Now the question you didn’t ask: I told my story »Daddy, Dearest« first in my spoken word. My details might be specific, people have had it much worse, and unlike most victims of trauma, I never turn the knife inward, I always turn the knife out, with my tongue as the fork. I knew I had to speak. This is universal issue, like death. I went flat-line as a protection against the trauma, I taunted death. The killers would run from me because I have no fear. The victimology is: I turned depression outwards, I was more aggressive than depressive. It’s another form of depression, rather than sit inside and cut your wrist, look for somebody’s throat to slit. When you already feel dead, you chase after death itself. You look for danger to make you feel alive. Most people fear me because they know I have no fear. As a matter of a fact, the most wounded people come to me for what? A hug.
So whatever trauma I’ve had, whatever war I’ve lived through, whatever death I’ve challenged, there comes a point, when you start appreciating everything and stop taunting death. We live shorter than sea turtles, and what if death is not the end? This is a horror we would rather not face. Can you access, can you face the fear of what you were, of what is in your bloodline. Yes, this is the knowledge I seek.

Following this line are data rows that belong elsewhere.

(* Let $n\ge1$ be an integer and $V(x)=\frac{1}{2n}x^{2n}+\sum_{k=1}^{2n-1}\frac{a_k}{k}x^k$ with real coefficients $a_k$. Let $(\mu_t)_{t\ge0}$ be a family of probability measures on $\mathbb{R}$ solving, for all $f\in C_0^\infty(\mathbb{R})$, \[\frac{d}{dt}\int f\,d\mu_t=\frac12\iint\frac{f'(x)-f'(y)}{x-y}\mu_t(dx)\mu_t(dy)-\int V'(x)f'(x)\mu_t(dx).\] Assume that $\mu_t$ has finite moments up to order $2n+p-2$ for some $p\ge2$ and all $t\ge0$. Then there exists $M_p>0$ such that $m_p(t):=\int_{\mathbb{R}}|x|^p\mu_t(dx)\le M_p$ for all $t\ge0$. *)

theory Defs
  imports "HOL-Probability.Probability"
begin

definition V :: "nat \<Rightarrow> (nat \<Rightarrow> real) \<Rightarrow> real \<Rightarrow> real" where
  "V n a x = x ^ (2*n) / real (2*n) + (\<Sum>k=1..2*n-1. a k / real k * x ^ k)"

definition smooth_compact :: "(real \<Rightarrow> real) \<Rightarrow> bool" where
  "smooth_compact f \<longleftrightarrow>
     (\<forall>k. \<forall>x. ((deriv ^^ k) f) differentiable (at x)) \<and>
     compact (closure {x. f x \<noteq> 0})"

text \<open>The kernel (f'(x)-f'(y))/(x-y), extended continuously on the diagonal by f''(x).\<close>
definition dq_kernel :: "(real \<Rightarrow> real) \<Rightarrow> real \<Rightarrow> real \<Rightarrow> real" where
  "dq_kernel f x y = (if x = y then deriv (deriv f) x
                      else (deriv f x - deriv f y) / (x - y))"

end

theory Submission
  imports Defs
begin

text \<open>
  Write G(t) for the integral of weight r x = (1 + x^2) powr r against \<mu> t, and suppose the
  integrals of weight (r - 1) are bounded in time. Test the equation with
  f(x) = (weight r x - weight r (2L)) \<chi>(x/L), where \<chi> is a smooth plateau.
  Uniformly in L, |f''| \<le> C weight (r - 1), so by the mean value theorem the interaction term
  is bounded by the integral of weight (r - 1). Since x V'(x) \<ge> (1 + x^2)/4 - C and the part of
  f' coming from \<chi>' has the sign of x, the drift term is at least r/2 times the integral of
  weight r x \<chi>(x/L), minus a multiple of the integral of weight (r - 1). Integrating in time
  and letting L \<rightarrow> \<infinity> gives G(t) \<le> K G(s) + A (t - s) and r/2 \<integral> G over [s, t] \<le> K G(s) + A (t - s);
  so on every long enough time window G falls below half its initial value plus a constant, and
  G stays bounded. Raising r in unit steps from weight 0 = 1 reaches r = p/2, and
  |x|^p \<le> weight (p/2) x.
\<close>

section \<open>Smooth functions on the real line\<close>

definition smooth :: "(real \<Rightarrow> real) \<Rightarrow> bool" where
  "smooth f \<longleftrightarrow> (\<forall>k x. ((deriv ^^ k) f) differentiable (at x))"

text \<open>Finite orders turn closure of smoothness under products and composition into an induction.\<close>

fun times_differentiable :: "nat \<Rightarrow> (real \<Rightarrow> real) \<Rightarrow> bool" where
  "times_differentiable 0 f \<longleftrightarrow> True"
| "times_differentiable (Suc k) f \<longleftrightarrow>
     (\<forall>x. f differentiable (at x)) \<and> times_differentiable k (deriv f)"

How did your battle reach a truce?
I drew a truce with myself. I had to detox from my self, my own contamination. The victim becomes the victimizer. I had to stop every relationship, stop every drug, stop every alcohol, stop everything to become my own lover, to find the right reasons: to know what I wanted, not to fear the obsession, to acknowledge it, and find people that can accommodate me.
My first lover in 1979 committed murder-suicide on his way to see me. I wrote an Opera called »My Lover The Killer«. I am alive, because I did not have the fear. He tried to kill me many times. Why did I stay with him? Because I saw the wounded child before the asshole the man became. You cannot save anyone from themselves. However, a wounded child is very attracted to the another wounded child. This is how these dynamics begin. It is the trauma bond. It takes decades to understand. This is why we need to become our own lovers. Oh, Mr. Right is not going to come along, give me a six pack of men and couple of women on the side (smiles). And we will see what happens.